Given, mass of ball, \(m=1 \mathrm{~g}=\frac{1}{10^3} \mathrm{~kg}\) charge on the ball, \(q=20 \mu C=20 \times 10^{-6} \mathrm{C}\), length of the string centre of one end, \(r=0.9 \mathrm{~m}\) electric field, \(E=100 \mathrm{~N} / \mathrm{C}\) and acceleration due to gravity, \(g=10 \mathrm{~m} / \mathrm{s}^2\) Now, according to the question, force exerted by the electric field due to charge on ball is given as,


\(\therefore\) Force \(=\) Charge on the ball \(\times\) Electric field
\(\begin{aligned}
& F=q E \Rightarrow F=20 \times 10^{-6} \times 100 \\
& F_1=2 \times 10^{-3} \mathrm{~N} \quad \ldots (i)
\end{aligned}\)
Now, force due to the gravitation,
\(F_2=m g=\frac{1}{10^3} \times 10=10 \times 10^{-3} \mathrm{~N}\)...(ii)
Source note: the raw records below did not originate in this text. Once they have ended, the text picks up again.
lemma finite_gap_integrals_iff_finite_drift_integrals:
  fixes x :: "nat \<Rightarrow> 'a \<Rightarrow> real" and \<alpha> \<beta> \<gamma> B :: real
  assumes "\<beta> \<noteq> 0"
    and [measurable]: "\<And>i. x i \<in> borel_measurable M" "A \<in> sets M"
    and "emeasure M A < \<infinity>"
    and config: "AE s in M. s \<in> A \<longrightarrow> increasing_config (\<lambda>i. x i s) n"
    and bounded: "\<And>s. s \<in> A \<Longrightarrow> x n s \<le> B"
  shows "(\<Sum>i\<in>{1..n-1}. \<integral>\<^sup>+ s\<in>A. gap_ratio (x i s) (x (Suc i) s) \<partial>M) < \<infinity> \<longleftrightarrow>
    (\<Sum>i\<in>{1..n}. \<integral>\<^sup>+ s\<in>A. ennreal \<bar>drift \<alpha> \<beta> \<gamma> (\<lambda>j. x j s) n i\<bar> \<partial>M) < \<infinity>"
proof -
  define G where "G s = gap_sum (\<lambda>i. x i s) n" for s
  define D where "D s = (\<Sum>i\<in>{1..n}. \<bar>drift \<alpha> \<beta> \<gamma> (\<lambda>j. x j s) n i\<bar>)" for s
  have G_measurable: "G \<in> borel_measurable M" and D_measurable: "D \<in> borel_measurable M"
    unfolding G_def D_def gap_sum_def drift_def by measurable
  have drifts: "(\<Sum>i\<in>{1..n}. \<integral>\<^sup>+ s\<in>A. ennreal \<bar>drift \<alpha> \<beta> \<gamma> (\<lambda>j. x j s) n i\<bar> \<partial>M)
      = (\<integral>\<^sup>+ s\<in>A. ennreal (D s) \<partial>M)"
    unfolding D_def by (intro set_nn_integral_sum_ennreal) (auto simp: drift_def)
  have bounded_abs: "x n s \<le> \<bar>B\<bar>" if "s \<in> A" for s
    using bounded[OF that] by linarith
  have G_le: "AE s in M. s \<in> A \<longrightarrow>
      G s \<le> (n - 1) * (n * \<bar>\<alpha>\<bar> + 2 * \<bar>\<gamma>\<bar> * n * \<bar>B\<bar>) / \<bar>\<beta>\<bar> + (n - 1) / \<bar>\<beta>\<bar> * D s"
    using config
  proof eventually_elim
    case (elim s)
    show ?case
    proof
      assume "s \<in> A"
      then have "\<bar>\<beta>\<bar> * G s \<le> (n - 1) * (n * \<bar>\<alpha>\<bar> + 2 * \<bar>\<gamma>\<bar> * n * \<bar>B\<bar> + D s)"
        using elim unfolding D_def G_def by (intro increasing_config.gap_sum_le_sum_abs_drift bounded_abs) auto
      then show "G s \<le> (n - 1) * (n * \<bar>\<alpha>\<bar> + 2 * \<bar>\<gamma>\<bar> * n * \<bar>B\<bar>) / \<bar>\<beta>\<bar> + (n - 1) / \<bar>\<beta>\<bar> * D s"
        using \<open>\<beta> \<noteq> 0\<close> by (simp add: field_simps)
    qed
  qed
  have D_le: "AE s in M. s \<in> A \<longrightarrow> D s \<le> n * (\<bar>\<alpha>\<bar> + 2 * \<bar>\<gamma>\<bar> * \<bar>B\<bar>) + 2 * \<bar>\<beta>\<bar> * (real n)\<^sup>2 * G s"
    using config unfolding D_def G_def
    by eventually_elim (blast intro: increasing_config.sum_abs_drift_le bounded_abs)
  have "(\<integral>\<^sup>+ s\<in>A. ennreal (G s) \<partial>M) < \<infinity> \<longleftrightarrow> (\<integral>\<^sup>+ s\<in>A. ennreal (D s) \<partial>M) < \<infinity>"
    by (rule set_nn_integral_finite_iff_of_affine_bounds[OF G_measurable D_measurable assms(3,4) G_le _ _ D_le])
      auto
  then show ?thesis
    unfolding drifts sum_gap_ratio_integrals_eq[OF assms(2,3) config] G_def .
qed

lemma borel_measurable_continuous_on_max_0:
  fixes g :: "real \<Rightarrow> 'a::topological_space"
  assumes "continuous_on {0..} g"
  shows "(\<lambda>s. g (max 0 s)) \<in> borel_measurable borel"
proof (rule borel_measurable_continuous_onI)
  show "continuous_on UNIV (\<lambda>s. g (max 0 s))"
    by (rule continuous_on_compose2[OF assms]) (auto intro!: continuous_intros)
qed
Net effective force on the ball,
\(F_{\text {eff }}=F_2-F_1\)
From Eqs. (ii) and (i), we get
\(F_{e f f}=10 \times 10^{-3}-2 \times 10^{-3} \Rightarrow f_{e f f}=8 \times 10^{-3} \mathrm{~N}\)
Now, effective gravitational acceleration at lowest position is given as,
\(\begin{aligned}
& F_{e f f}=m g_{e f f} \\
& g_{e f f}=\frac{F_{e f f}}{m}=\frac{8 \times 10^{-3}}{10^{-3}}=8 \mathrm{~m} / \mathrm{s}^2
\end{aligned}\)
The minimum horizontal velocity that must be given to the ball at the lowest position is,
\(\begin{aligned}
& v=\sqrt{5 g_{e f f} r} \quad \Rightarrow v=\sqrt{5 \times 8 \times \frac{9}{10}} \\
& v=\sqrt{4 \times 9}=\sqrt{36} \Rightarrow v=6 \mathrm{~m} / \mathrm{s}
\end{aligned}\)